(* Let $0<\varepsilon\le 1/15$, $m\ge 3$, $p=1/m$, and $i\in[n]$. Suppose $\mathcal{A},\mathcal{B}\subset[m]^n$ are cross-intersecting with $\mu(\mathcal{A}),\mu(\mathcal{B})\ge(1-\varepsilon)p$ and $T_i(\mathcal{A}),T_i(\mathcal{B})\subset D_{i\to 1}$. Then there is $j\in[m]$ such that $\mu(\mathcal{A}\cap D_{i\to j})\ge(1-3\varepsilon)p$ and $\mu(\mathcal{B}\cap D_{i\to j})\ge(1-3\varepsilon)p$.
   Context: $\mu$ is the uniform probability measure on $[m]^n$. $\mathcal{A},\mathcal{B}$ are cross-intersecting if for every $x\in\mathcal{A}$, $y\in\mathcal{B}$ there is $k$ with $x_k=y_k$. $D_{i\to j}=\{x\in[m]^n:x_i=j\}$. For $i\in[n]$, $j\in[m]$, the map $T_{i,j}:[m]^n\to[m]^n$ sends $x$ to $y$ with $y_r=x_r$ for $r\ne i$, $y_i=1$ if $x_i=j$ and $y_i=x_i$ otherwise; on families, $T_{i,j}(\mathcal{F})=\{x: T_{i,j}(x)\in\mathcal{F}\}\cup\{T_{i,j}(x):x\in\mathcal{F}\}$. Finally $T_i=T_{i,2}\circ T_{i,3}\circ\cdots\circ T_{i,m}$ (applied to families). *)

theory Defs
  imports Complex_Main "HOL-Library.FuncSet"
begin

definition cube :: "nat \<Rightarrow> nat \<Rightarrow> (nat \<Rightarrow> nat) set" where
  "cube m n = PiE {1..n} (\<lambda>_. {1..m})"

definition mu :: "nat \<Rightarrow> nat \<Rightarrow> (nat \<Rightarrow> nat) set \<Rightarrow> real" where
  "mu m n F = real (card (F \<inter> cube m n)) / real m ^ n"

definition cross_intersecting :: "nat \<Rightarrow> (nat \<Rightarrow> nat) set \<Rightarrow> (nat \<Rightarrow> nat) set \<Rightarrow> bool" where
  "cross_intersecting n A B \<longleftrightarrow> (\<forall>x\<in>A. \<forall>y\<in>B. \<exists>k\<in>{1..n}. x k = y k)"

definition dict :: "nat \<Rightarrow> nat \<Rightarrow> nat \<Rightarrow> nat \<Rightarrow> (nat \<Rightarrow> nat) set" where
  "dict m n i j = {x \<in> cube m n. x i = j}"

definition Tpt :: "nat \<Rightarrow> nat \<Rightarrow> (nat \<Rightarrow> nat) \<Rightarrow> (nat \<Rightarrow> nat)" where
  "Tpt i j x = x(i := (if x i = j then 1 else x i))"

definition Tfam :: "nat \<Rightarrow> nat \<Rightarrow> (nat \<Rightarrow> nat) set \<Rightarrow> (nat \<Rightarrow> nat) set" where
  "Tfam i j F = {x \<in> F. Tpt i j x \<in> F} \<union> Tpt i j ` F"

fun Tupto :: "nat \<Rightarrow> nat \<Rightarrow> (nat \<Rightarrow> nat) set \<Rightarrow> (nat \<Rightarrow> nat) set" where
  "Tupto i k F = (if k < 2 then F else Tupto i (k - 1) (Tfam i k F))"

definition Ti :: "nat \<Rightarrow> nat \<Rightarrow> (nat \<Rightarrow> nat) set \<Rightarrow> (nat \<Rightarrow> nat) set" where
  "Ti m i F = Tupto i m F"

end

theory Submission
  imports Defs
begin
lemma power_op_proj:
  assumes "set cs \<subseteq> bits n" "i < length cs"
  shows "power_op n (\<lambda>xs. xs ! i) cs = cs ! i"
proof -
  have "cs ! i \<in> bits n"
    using assms nth_mem by blast
  with assms(2) show ?thesis
    by (intro nth_equalityI) (auto simp: power_op_def bits_def)
qed

lemma power_op_comp:
  "power_op n (\<lambda>xs. f (map (\<lambda>g. g xs) gs)) cs = power_op n f (map (\<lambda>g. power_op n g cs) gs)"
  by (rule nth_equalityI) (simp_all add: power_op_def comp_def)

lemma hom_power_term_ops_compatible:
  assumes hom: "is_hom_power n opsB carrC opsC phi"
    and s: "s \<in> term_ops opsB k"
  shows "length as = k \<Longrightarrow> length bs = k \<Longrightarrow> set as \<subseteq> bits n \<Longrightarrow> set bs \<subseteq> bits n \<Longrightarrow>
    map phi as = map phi bs \<Longrightarrow> phi (power_op n s as) = phi (power_op n s bs)"
  using s
proof (induction s arbitrary: as bs rule: term_ops.induct)
  case (proj i)
  then have "phi (as ! i) = phi (bs ! i)"
    by (metis nth_map)
  with proj show ?case
    by (simp add: power_op_proj)
next
  case (comp r f gs)
  obtain j where j: "j < length opsB" "opsB ! j = (r, f)"
    using comp.hyps(1) by (metis in_set_conv_nth)
  have phi_f: "phi (power_op n f cs) = snd (opsC ! j) (map phi cs)"
    if "length cs = r" "set cs \<subseteq> bits n" for cs
    using hom j that unfolding is_hom_power_def by force
  have "phi (power_op n g as) = phi (power_op n g bs)" if "g \<in> set gs" for g
    using comp.IH that comp.prems by blast
  then have "map phi (map (\<lambda>g. power_op n g as) gs) = map phi (map (\<lambda>g. power_op n g bs) gs)"
    by simp
  then show ?case
    unfolding power_op_comp by (subst (1 2) phi_f) (auto simp: comp.hyps(2) simp del: map_map)
qed

lemma generator_in_term_ops: "(r, f) \<in> set F \<Longrightarrow> (\<lambda>xs. f (map ((!) xs) [0..<r])) \<in> term_ops F r"
  using term_ops.comp[of r f F "map (\<lambda>i xs. xs ! i) [0..<r]" r] by (simp add: term_ops.proj comp_def)

lemma hom_power_generator_compatible:
  assumes "clone_below F opsB" "is_hom_power n opsB carrC opsC phi" "(r, f) \<in> set F"
    and "length as = r" "length bs = r" "set as \<subseteq> bits n" "set bs \<subseteq> bits n"
    and "map phi as = map phi bs"
  shows "phi (power_op n f as) = phi (power_op n f bs)"
proof -
  have "\<forall>t\<in>term_ops F r. \<exists>s\<in>term_ops opsB r. \<forall>xs. length xs = r \<longrightarrow> t xs = s xs"
    using assms(1) unfolding clone_below_def by (rule spec)
  then have "\<exists>s\<in>term_ops opsB r. \<forall>xs. length xs = r \<longrightarrow> f (map ((!) xs) [0..<r]) = s xs"
    using generator_in_term_ops[OF assms(3)] by (rule bspec)
  then obtain s where s: "s \<in> term_ops opsB r" and fs: "\<And>xs. length xs = r \<Longrightarrow> f xs = s xs"
    by (metis map_nth)
  have "power_op n f cs = power_op n s cs" if "length cs = r" for cs
    unfolding power_op_def using fs that by simp
  then show ?thesis
    using hom_power_term_ops_compatible[OF assms(2) s assms(4-)] assms(4,5) by simp
qed

lemma hom_power_ternary_compatible:
  assumes "clone_below [(3, \<lambda>xs. f (xs ! 0) (xs ! 1) (xs ! 2))] opsB"
    and "is_hom_power n opsB carrC opsC phi"
    and "y \<in> bits n" "y' \<in> bits n" "phi y = phi y'"
  shows "phi (map (\<lambda>i. f (x i) (y ! i) (z i)) [0..<n]) = phi (map (\<lambda>i. f (x i) (y' ! i) (z i)) [0..<n])"
proof -
  have "power_op n (\<lambda>xs. f (xs ! 0) (xs ! 1) (xs ! 2)) [map x [0..<n], w, map z [0..<n]] =
      map (\<lambda>i. f (x i) (w ! i) (z i)) [0..<n]" for w
    by (simp add: power_op_def cong: map_cong)
  then show ?thesis
    using hom_power_generator_compatible[OF assms(1,2), of 3 _
      "[map x [0..<n], y, map z [0..<n]]" "[map x [0..<n], y', map z [0..<n]]"] assms(3-)
    by simp
qed

definition xor_invariant :: "nat \<Rightarrow> (bool list \<Rightarrow> 'c) \<Rightarrow> bool" where
  "xor_invariant n phi \<longleftrightarrow>
     (\<forall>a\<in>bits n. \<forall>b\<in>bits n. \<forall>c\<in>bits n. phi a = phi b \<longrightarrow> phi c = phi (xorl c (xorl a b)))"

lemma xor_invariantI_absorbing:
  assumes absorb: "\<And>a b c. a \<in> bits n \<Longrightarrow> b \<in> bits n \<Longrightarrow> c \<in> bits n \<Longrightarrow> phi a = phi b \<Longrightarrow>
      phi c = phi (h a b c)"
    and h_xorl: "\<And>a b c. a \<in> bits n \<Longrightarrow> b \<in> bits n \<Longrightarrow> c \<in> bits n \<Longrightarrow>
      h a b (xorl c (xorl a b)) = h a b c"
  shows "xor_invariant n phi"
  unfolding xor_invariant_def using absorb h_xorl by (metis xorl_in_bits)

lemma xor_invariant_if_MPT0:
  assumes cb: "clone_below MPT0_gen opsB" and hom: "is_hom_power n opsB carrC opsC phi"
  shows "xor_invariant n phi"
proof (rule xor_invariantI_absorbing)
  fix a b c assume ab: "a \<in> bits n" "b \<in> bits n" "phi a = phi b" and c: "c \<in> bits n"
  note compat = hom_power_ternary_compatible[where f="\<lambda>x y z. x \<or> (y \<and> z)",
      OF cb[unfolded MPT0_gen_def] hom ab]
  have "phi c = phi (map (\<lambda>i. c ! i \<or> (b ! i \<and> \<not> a ! i)) [0..<n])"
    using c compat[of "(!) c" "\<lambda>i. \<not> a ! i"] by simp
  also have "\<dots> = phi (map (\<lambda>i. c ! i \<or> (b ! i \<and> \<not> a ! i) \<or> (a ! i \<and> \<not> b ! i)) [0..<n])"
    using compat[of "\<lambda>i. c ! i \<or> (b ! i \<and> \<not> a ! i)" "\<lambda>i. \<not> b ! i"] by simp
  finally show "phi c = phi (map (\<lambda>i. c ! i \<or> (b ! i \<and> \<not> a ! i) \<or> (a ! i \<and> \<not> b ! i)) [0..<n])" .
next
  fix a b c assume "a \<in> bits n" "b \<in> bits n" "c \<in> bits n"
  then show "map (\<lambda>i. xorl c (xorl a b) ! i \<or> (b ! i \<and> \<not> a ! i) \<or> (a ! i \<and> \<not> b ! i)) [0..<n] =
      map (\<lambda>i. c ! i \<or> (b ! i \<and> \<not> a ! i) \<or> (a ! i \<and> \<not> b ! i)) [0..<n]"
    by (auto simp: list_eq_iff_nth_eq xorl_def bits_def)
qed

lemma xor_invariant_if_MPT1:
  assumes cb: "clone_below MPT1_gen opsB" and hom: "is_hom_power n opsB carrC opsC phi"
  shows "xor_invariant n phi"
proof (rule xor_invariantI_absorbing)
  fix a b c assume ab: "a \<in> bits n" "b \<in> bits n" "phi a = phi b" and c: "c \<in> bits n"
  note compat = hom_power_ternary_compatible[where f="\<lambda>x y z. x \<and> (y \<or> z)",
      OF cb[unfolded MPT1_gen_def] hom ab]
  have "phi c = phi (map (\<lambda>i. c ! i \<and> (b ! i \<or> \<not> a ! i)) [0..<n])"
    using c compat[of "(!) c" "\<lambda>i. \<not> a ! i"] by simp
  also have "\<dots> = phi (map (\<lambda>i. c ! i \<and> (b ! i \<or> \<not> a ! i) \<and> (a ! i \<or> \<not> b ! i)) [0..<n])"
    using compat[of "\<lambda>i. c ! i \<and> (b ! i \<or> \<not> a ! i)" "\<lambda>i. \<not> b ! i"] by (simp add: conj_assoc)
  finally show "phi c = phi (map (\<lambda>i. c ! i \<and> (b ! i \<or> \<not> a ! i) \<and> (a ! i \<or> \<not> b ! i)) [0..<n])" .
next
  fix a b c assume "a \<in> bits n" "b \<in> bits n" "c \<in> bits n"
  then show "map (\<lambda>i. xorl c (xorl a b) ! i \<and> (b ! i \<or> \<not> a ! i) \<and> (a ! i \<or> \<not> b ! i)) [0..<n] =
      map (\<lambda>i. c ! i \<and> (b ! i \<or> \<not> a ! i) \<and> (a ! i \<or> \<not> b ! i)) [0..<n]"
    by (auto simp: list_eq_iff_nth_eq xorl_def bits_def)
qed

lemma xor_invariant_if_AP:
  assumes cb: "clone_below AP_gen opsB" and hom: "is_hom_power n opsB carrC opsC phi"
  shows "xor_invariant n phi"
  unfolding xor_invariant_def
proof (intro ballI impI)
  fix a b c assume ab: "a \<in> bits n" "b \<in> bits n" "phi a = phi b" and c: "c \<in> bits n"
  have "phi (map (\<lambda>i. (c ! i \<noteq> b ! i) \<noteq> b ! i) [0..<n]) =
      phi (map (\<lambda>i. (c ! i \<noteq> a ! i) \<noteq> b ! i) [0..<n])"
    using hom_power_ternary_compatible[where f="\<lambda>x y z. (x \<noteq> y) \<noteq> z",
      OF cb[unfolded AP_gen_def] hom ab(2,1) ab(3)[symmetric]] by simp
  moreover have "map (\<lambda>i. (c ! i \<noteq> b ! i) \<noteq> b ! i) [0..<n] = c"
    using c by (auto simp: list_eq_iff_nth_eq bits_def)
  moreover have "map (\<lambda>i. (c ! i \<noteq> a ! i) \<noteq> b ! i) [0..<n] = xorl c (xorl a b)"
    using ab c by (auto simp: list_eq_iff_nth_eq xorl_def bits_def)
  ultimately show "phi c = phi (xorl c (xorl a b))"
    by simp
qed

lemma hom_power_xor_invariant:
  assumes "clone_below MPT0_gen opsB \<or> clone_below MPT1_gen opsB \<or> clone_below AP_gen opsB"
    and "is_hom_power n opsB carrC opsC phi"
  shows "xor_invariant n phi"
  using assms xor_invariant_if_MPT0 xor_invariant_if_MPT1 xor_invariant_if_AP by blast

section \<open>The output distribution of Simon's circuit\<close>

lemma hadamard_first_init_state:
  "hadamard_first n (init_state n m) x y =
     (if y = replicate m False then 1 / complex_of_real (sqrt (2 ^ n)) else 0)"
proof -
  have "(\<Sum>x'\<in>bits n. (-1) ^ dotp x x' * init_state n m x' y) =
      (\<Sum>x'\<in>bits n. if x' = replicate n False then (if y = replicate m False then 1 else 0) else 0)"
    by (rule sum.cong) (auto simp: init_state_def)
  then show ?thesis
    by (simp add: hadamard_first_def sum.delta')
qed

lemma simon_state_eq:
  assumes range: "\<And>a. a \<in> bits n \<Longrightarrow> phi a \<in> bits m" and y: "y \<in> bits m"
  shows "simon_state n m phi x y =
    complex_of_real ((\<Sum>x'\<in>bits n. if phi x' = y then (-1) ^ dotp x x' else 0) / 2 ^ n)"
proof -
  define s where "s = complex_of_real (sqrt (2 ^ n))"
  have s_square: "s * s = 2 ^ n"
    unfolding s_def by (simp flip: of_real_mult)
  have gate: "oracle_gate phi (hadamard_first n (init_state n m)) z y = (if phi z = y then 1 / s else 0)"
    if "z \<in> bits n" for z
    using range[OF that] y xorl_eq_replicate_False_iff[of y "phi z"]
    by (auto simp: oracle_gate_def hadamard_first_init_state s_def bits_def)
  have "simon_state n m phi x y = 1 / s * (\<Sum>x'\<in>bits n. (-1) ^ dotp x x' * (if phi x' = y then 1 / s else 0))"
    unfolding simon_state_def hadamard_first_def[of n "oracle_gate _ _"] s_def[symmetric]
    by (simp add: gate cong: sum.cong)
  also have "\<dots> = (\<Sum>x'\<in>bits n. if phi x' = y then (-1) ^ dotp x x' else 0) / (s * s)"
    by (auto simp: sum_distrib_left sum_divide_distrib intro!: sum.cong)
  also have "\<dots> = complex_of_real ((\<Sum>x'\<in>bits n. if phi x' = y then (-1) ^ dotp x x' else 0) / 2 ^ n)"
    by (simp add: s_square if_distrib[of complex_of_real] cong: if_cong)
  finally show ?thesis .
qed

lemma simon_prob_eq_collisions:
  assumes range: "\<And>a. a \<in> bits n \<Longrightarrow> phi a \<in> bits m"
  shows "simon_prob n m phi x =
    (\<Sum>x'\<in>bits n. \<Sum>x''\<in>bits n.
       if phi x' = phi x'' then (-1) ^ dotp x x' * (-1) ^ dotp x x'' else 0) / 4 ^ n"
proof -
  define g where "g y = (\<Sum>x'\<in>bits n. if phi x' = y then (-1::real) ^ dotp x x' else 0)" for y
  have "simon_prob n m phi x = (\<Sum>y\<in>bits m. (g y / 2 ^ n)\<^sup>2)"
    unfolding simon_prob_def g_def
    by (intro sum.cong refl) (simp only: simon_state_eq[OF range] norm_of_real power2_abs)
  also have "\<dots> = (\<Sum>y\<in>bits m. (g y)\<^sup>2) / 4 ^ n"
    by (simp add: sum_divide_distrib power_divide power2_eq_square flip: power_mult_distrib)
  also have "(\<Sum>y\<in>bits m. (g y)\<^sup>2) = (\<Sum>x'\<in>bits n. \<Sum>x''\<in>bits n. \<Sum>y\<in>bits m.
      (if phi x' = y then (-1) ^ dotp x x' else 0) * (if phi x'' = y then (-1) ^ dotp x x'' else 0))"
    unfolding g_def power2_eq_square sum_product by (subst sum.swap) (simp add: sum.swap[of _ "bits m"])
  also have "\<dots> = (\<Sum>x'\<in>bits n. \<Sum>x''\<in>bits n.
      if phi x' = phi x'' then (-1) ^ dotp x x' * (-1) ^ dotp x x'' else 0)"
    using range by (intro sum.cong refl) (simp add: if_distrib[of "\<lambda>t. t * _"] sum.delta cong: if_cong)
  finally show ?thesis .
qed

lemma simon_prob_nonneg: "simon_prob n m phi x \<ge> 0"
  unfolding simon_prob_def by (rule sum_nonneg) simp

definition periods :: "nat \<Rightarrow> (bool list \<Rightarrow> 'c) \<Rightarrow> bool list set" where
  "periods n phi = {d \<in> bits n. \<forall>c\<in>bits n. phi c = phi (xorl c d)}"

text \<open>The classical post-processing of the samples; it is computable by Gaussian elimination
  over GF(2).\<close>

definition orthogonal_pairs :: "nat \<Rightarrow> bool list list \<Rightarrow> (bool list \<times> bool list) set" where
  "orthogonal_pairs n ys = {(a, b). a \<in> bits n \<and> b \<in> bits n \<and> (\<forall>y\<in>set ys. even (dotp y (xorl a b)))}"

locale simon_oracle =
  fixes n m :: nat and phi :: "bool list \<Rightarrow> bool list"
  assumes phi_in_bits: "a \<in> bits n \<Longrightarrow> phi a \<in> bits m"
    and xor_invariant: "xor_invariant n phi"
begin
(* Differentiating under the integral sign gives d'(s) = -s I(s), hence R'(s) = s (1 - I(s)),
   where I(s) = int_0^1 (s^2 - 2 Omega)^(-3/2) dp is strictly decreasing with I(s_c) = 1; so R
   decreases on (s0, s_c] and increases on [s_c, oo).  Since H_p is the p-derivative of H,
   int_0^1 H H_p dp = d^2/2, which turns sigma into
   int_0^1 (sqrt(s^2 - 2 Omega)/2 + (Omega(1) - Omega + r) H_p) dp - d^2/2, and differentiating
   again gives sigma'(s) = s I(s) (R(s) - r).  So sigma' has the sign of R(s) - r: positive on
   (s0, s_-), negative on (s_-, s_+) and positive beyond s_+.  Finally sigma(s) >= s/2 - C for
   large s, because sqrt(s^2 - 2 Omega) >= s - s0. *)

lemma strict_mono_on_if_deriv_pos:
  fixes f f' :: "real \<Rightarrow> real"
  assumes "convex I" "continuous_on I f"
    and "\<And>x. x \<in> interior I \<Longrightarrow> (f has_real_derivative f' x) (at x)"
    and "\<And>x. x \<in> interior I \<Longrightarrow> 0 < f' x"
  shows "strict_mono_on I f"
proof (rule strict_mono_onI)
  fix x y assume xy: "x \<in> I" "y \<in> I" "x < y"
  then have "{x..y} \<subseteq> I"
    using assms(1) closed_segment_eq_real_ivl1[of x y]
    by (metis convex_contains_segment less_imp_le)
  show "f x < f y"
  proof (rule DERIV_pos_imp_increasing_open[OF \<open>x < y\<close>])
    fix z assume "x < z" "z < y"
    then have "z \<in> interior I"
      using interior_mono[OF \<open>{x..y} \<subseteq> I\<close>] by auto
    then show "\<exists>d. (f has_real_derivative d) (at z) \<and> 0 < d"
      using assms(3,4) by blast
  next
    show "continuous_on {x..y} f"
      using assms(2) \<open>{x..y} \<subseteq> I\<close> by (rule continuous_on_subset)
  qed
qed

| What to work on |
Go through the material and copy each line in which the word "intro" occurs.

| Result for this exercise |
    by (intro nth_equalityI) (auto simp: power_op_def bits_def)
proof (intro ballI impI)
    by (auto simp: sum_distrib_left sum_divide_distrib intro!: sum.cong)
    by (intro sum.cong refl) (simp only: simon_state_eq[OF range] norm_of_real power2_abs)
    using range by (intro sum.cong refl) (simp add: if_distrib[of "\<lambda>t. t * _"] sum.delta cong: if_cong)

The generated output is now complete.